7. Je ne conclurai pas. Je résumerai seulement au plus court. L’instruction a des lieux définis et séparés, mais encore faut-il savoir quelle instruction il faut dispenser. L’éducation enseigne le passage, le déplacement, voire l’errance sans lieu défini. L’école démocratique doit se localiser avec l’une et se délocaliser avec l’autre. Si le problème est bien posé, il semble que la tâche première soit de définir l’instruction et ses lieux : seulement ensuite il sera possible de ménager les ouvertures et les sorties par où le hors-lieu pourrait avoir lieu. À condition qu’il nous soit possible, aujourd’hui, de repérer et de définir l’instruction, d’en localiser les éléments.

Notes

[1Sur l’avenir de nos établissements d’enseignement, trad. Jean-Louis Backès, Paris, Gallimard, 1973, p. 100.

[2En France, où cet enseignement constitue un cas unique.

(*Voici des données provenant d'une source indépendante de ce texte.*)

lemma Cinf_binormal: "Cinf_on I (binormal I c)"
  unfolding binormal_def by (intro Cinf_on_cross3 Cinf_tang Cinf_normal)

lemma Cinf_tors: "Cinf_on I (tors I c)"
  unfolding tors_def by (intro Cinf_on_inner Cinf_binormal Cinf_on_vd(1)[OF a_less_b Cinf_normal])

lemma Cinf_ruling:
  assumes "Cinf_on I \<gamma>" "\<And>t. t \<in> I \<Longrightarrow> sin (\<gamma> t) \<noteq> 0"
  shows "Cinf_on I (ruling I c \<gamma>)"
proof -
  have "Cinf_on I (\<lambda>t. pi / 2 - arctan ((vd I \<gamma> t + tors I c t) / (curv I c t * sin (\<gamma> t))))"
    using curv_nonzero assms(2)
    by (intro Cinf_on_diff Cinf_on_const Cinf_on_arctan Cinf_on_divide Cinf_on_add Cinf_on_mult
        Cinf_tors Cinf_curv Cinf_on_sin assms(1) Cinf_on_vd(1)[OF a_less_b assms(1)]) simp
  then have \<beta>: "Cinf_on I (beta I c \<gamma>)"
    by (rule Cinf_on_cong) (simp only: beta_def)
  show ?thesis unfolding ruling_def
    by (intro Cinf_on_add Cinf_on_scaleR Cinf_on_cos Cinf_on_sin \<beta> assms(1) Cinf_tang Cinf_normal
        Cinf_binormal)
qed

lemma sin_alpha_nonzero: "t \<in> I \<Longrightarrow> sin (\<alpha> t) \<noteq> 0"
  using alpha_bounds sin_eq_0_pi[of "\<alpha> t"] by force

lemma Cinf_rulings: "Cinf_on I X1" "Cinf_on I X2"
proof -
  have \<alpha>: "Cinf_on I \<alpha>" using smooth_alpha by (rule smooth_on_imp_Cinf_on)
  show "Cinf_on I X1" using Cinf_ruling[OF \<alpha>] sin_alpha_nonzero by blast
  show "Cinf_on I X2"
    using Cinf_ruling[OF Cinf_on_uminus[OF \<alpha>]] sin_alpha_nonzero by simp
qed

lemma c_has_vector_derivative: "t \<in> I \<Longrightarrow> (c has_vector_derivative e t) (at t within I)"
  unfolding tang_def by (rule Cinf_on_vd(2)[OF a_less_b Cinf_c])

lemma ruling_has_vector_derivative:
  "W \<in> {X1, X2} \<Longrightarrow> t \<in> I \<Longrightarrow> (W has_vector_derivative vd I W t) (at t within I)"
  using Cinf_on_vd(2)[OF a_less_b] Cinf_rulings by blast

lemma norm_tang: "t \<in> I \<Longrightarrow> norm (e t) = 1"
  using unit_speed by (simp add: tang_def)

lemma tang_orthogonal_deriv:
  assumes t: "t \<in> I"
  shows "e t \<bullet> vd I e t = 0"
proof -
  have e': "(e has_vector_derivative vd I e t) (at t within I)"
    by (rule Cinf_on_vd(2)[OF a_less_b Cinf_tang t])
  have d1: "((\<lambda>s. e s \<bullet> e s) has_vector_derivative (e t \<bullet> vd I e t + vd I e t \<bullet> e t))
      (at t within I)"
    using bounded_bilinear.has_vector_derivative[OF bounded_bilinear_inner e' e'] .
  have d2: "((\<lambda>s. e s \<bullet> e s) has_vector_derivative 0) (at t within I)"
  proof (rule has_vector_derivative_transform[where f="\<lambda>s. 1", OF t])
    show "s \<in> I \<Longrightarrow> e s \<bullet> e s = 1" for s
      using norm_tang[of s] by (simp add: power2_norm_eq_inner[symmetric])
  qed (rule has_vector_derivative_const)
  have "e t \<bullet> vd I e t + vd I e t \<bullet> e t = 0"
    using vector_derivative_within_closed_interval[OF a_less_b t d1]
      vector_derivative_within_closed_interval[OF a_less_b t d2] by simp
  then show ?thesis by (simp add: inner_commute)
qed

lemma norm_normal: "t \<in> I \<Longrightarrow> norm (n t) = 1"
  using curvature_pos by (simp add: normal_def curv_def)

lemma tang_orthogonal_normal: "t \<in> I \<Longrightarrow> e t \<bullet> n t = 0"
  using tang_orthogonal_deriv by (simp add: normal_def)

lemma sin_beta_pos: "sin (beta I c \<gamma> t) > 0"
proof -
  have "sin (beta I c \<gamma> t) = cos (arctan ((vd I \<gamma> t + tors I c t) / (curv I c t * sin (\<gamma> t))))"
    by (simp add: beta_def sin_diff)
  also have "\<dots> > 0" by (simp add: cos_arctan add_pos_nonneg)
  finally show ?thesis .
qed

lemma ruling_eq_frame_vector:
  "ruling I c \<gamma> t = frame_vector (e t) (n t) (\<gamma> t) (beta I c \<gamma> t)"
  by (simp add: ruling_def binormal_def frame_vector_def)

lemma norm_ruling: "t \<in> I \<Longrightarrow> norm (ruling I c \<gamma> t) = 1"
  unfolding ruling_eq_frame_vector
  by (rule frame_vector_props(1)[OF norm_tang norm_normal tang_orthogonal_normal])

lemma norm_tang_cross_ruling: "t \<in> I \<Longrightarrow> norm (cross3 (e t) (ruling I c \<gamma> t)) = sin (beta I c \<gamma> t)"
  unfolding ruling_eq_frame_vector
  using frame_vector_props(2)[OF norm_tang norm_normal tang_orthogonal_normal] sin_beta_pos
  by (simp add: abs_of_pos)

lemma tang_rulings_triple_nonzero:
  assumes t: "t \<in> I"
  shows "e t \<bullet> cross3 (X1 t) (X2 t) \<noteq> 0"
proof -
  have "\<bar>\<alpha> t\<bar> < pi / 2" using alpha_bounds t by blast
  then have "cos (\<alpha> t) > 0" by (intro cos_gt_zero_pi) (auto simp only: abs_less_iff)
  then show ?thesis
    unfolding ruling_eq_frame_vector
    using frame_vector_triple[OF norm_tang[OF t] norm_normal[OF t] tang_orthogonal_normal[OF t]]
      sin_alpha_nonzero[OF t] sin_beta_pos[of \<alpha> t] sin_beta_pos[of "\<lambda>t. - \<alpha> t" t]
    by simp
qed

lemma uniform_frame_bounds:
  obtains m B where "m > 0" "B > 0"
    "\<And>t W. t \<in> I \<Longrightarrow> W \<in> {X1, X2} \<Longrightarrow> m \<le> norm (cross3 (e t) (W t))"
    "\<And>t. t \<in> I \<Longrightarrow> m \<le> \<bar>e t \<bullet> cross3 (X1 t) (X2 t)\<bar>"
    "\<And>t W. t \<in> I \<Longrightarrow> W \<in> {X1, X2} \<Longrightarrow> norm (vd I W t) \<le> B"
proof -
  have I: "compact I" "I \<noteq> {}" using a_less_b by auto
  have cont: "continuous_on I e" "continuous_on I X1" "continuous_on I X2"
    "continuous_on I (vd I X1)" "continuous_on I (vd I X2)"
    using Cinf_tang Cinf_rulings Cinf_on_vd(1)[OF a_less_b] by (auto intro: Cinf_on_continuous_on)
  define f where "f t = min (min (norm (cross3 (e t) (X1 t))) (norm (cross3 (e t) (X2 t))))
      \<bar>e t \<bullet> cross3 (X1 t) (X2 t)\<bar>" for t
  define g where "g t = norm (vd I X1 t) + norm (vd I X2 t)" for t
  have "continuous_on I f" unfolding f_def by (intro continuous_intros continuous_on_cross cont)
  with I obtain t1 where t1: "t1 \<in> I" "\<And>t. t \<in> I \<Longrightarrow> f t1 \<le> f t"
    using continuous_attains_inf by metis
  have "continuous_on I g" unfolding g_def by (intro continuous_intros cont)
  with I obtain t2 where t2: "\<And>t. t \<in> I \<Longrightarrow> g t \<le> g t2"
    using continuous_attains_sup by metis
  have "f t1 > 0"
    using norm_tang_cross_ruling[OF t1(1)] sin_beta_pos tang_rulings_triple_nonzero[OF t1(1)]
    by (simp add: f_def)
  moreover have "g t2 + 1 > 0" by (simp add: g_def add_nonneg_pos)
  moreover have "f t1 \<le> norm (cross3 (e t) (W t))" if "t \<in> I" "W \<in> {X1, X2}" for t W
    using t1(2)[OF that(1)] that(2) by (auto simp: f_def)
  moreover have "f t1 \<le> \<bar>e t \<bullet> cross3 (X1 t) (X2 t)\<bar>" if "t \<in> I" for t
    using t1(2)[OF that] by (simp add: f_def)
  moreover have "norm (vd I W t) \<le> g t2 + 1" if "t \<in> I" "W \<in> {X1, X2}" for t W
  proof -
    have "norm (vd I W t) \<le> g t"
      using that(2) norm_ge_zero[of "vd I X1 t"] norm_ge_zero[of "vd I X2 t"] by (auto simp: g_def)
    then show ?thesis using t2[OF that(1)] by simp
  qed
  ultimately show ?thesis by (rule that)
qed

lemma ruling_lipschitz:
  assumes "W \<in> {X1, X2}" "\<And>t. t \<in> I \<Longrightarrow> norm (vd I W t) \<le> B" "s \<in> I" "s' \<in> I"
  shows "norm (W s - W s') \<le> B * \<bar>s - s'\<bar>"
  using vector_derivative_deviation_bound[of I W "vd I W" 0 B s s'] assms
    ruling_has_vector_derivative by simp

lemma curve_linearization:
  assumes "s \<in> I" "s' \<in> I"
    and osc: "\<And>r. r \<in> I \<Longrightarrow> \<bar>r - s'\<bar> \<le> \<bar>s - s'\<bar> \<Longrightarrow> norm (e r - e s') \<le> \<omega>"
  shows "norm (c s - c s' - (s - s') *\<^sub>R e s') \<le> \<omega> * \<bar>s - s'\<bar>"
proof (rule vector_derivative_deviation_bound)
  let ?S = "{min s s'..max s s'}"
  have sub: "?S \<subseteq> I" using assms(1,2) by auto
  show "convex ?S" by (rule convex_real_interval)
  show "(c has_vector_derivative e r) (at r within ?S)" if "r \<in> ?S" for r
    using c_has_vector_derivative sub that by (meson has_vector_derivative_within_subset subsetD)
  show "norm (e r - e s') \<le> \<omega>" if "r \<in> ?S" for r
    using that sub by (intro osc) auto
qed auto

Mais l’observation des autres pays conduirait par d’autres voies aux mêmes remarques.

[3Je préciserai seulement que je n’ai réellement aucune présupposition déterminée quant à la solution de son problème : maintien, transformation et suppression de cet enseignement (étant entendu que chacun de ces trois termes est susceptible de bien des interprétations…).

[4Il est remarquable que la psychanalyse, chez Freud puis chez Lacan, a rencontré de manière précise la même configuration problématique au sujet de l’enseignement de son propre savoir – et que par raison conjointe les questions du ou des lieux de l’analyse, de la formation et de l’école analytiques, aient jusqu’ici rejoué de manière très claire les mêmes problèmes, avec les mêmes enjeux. Il suffit de relire en particulier, de Lacan, La psychanalyse et son enseignement.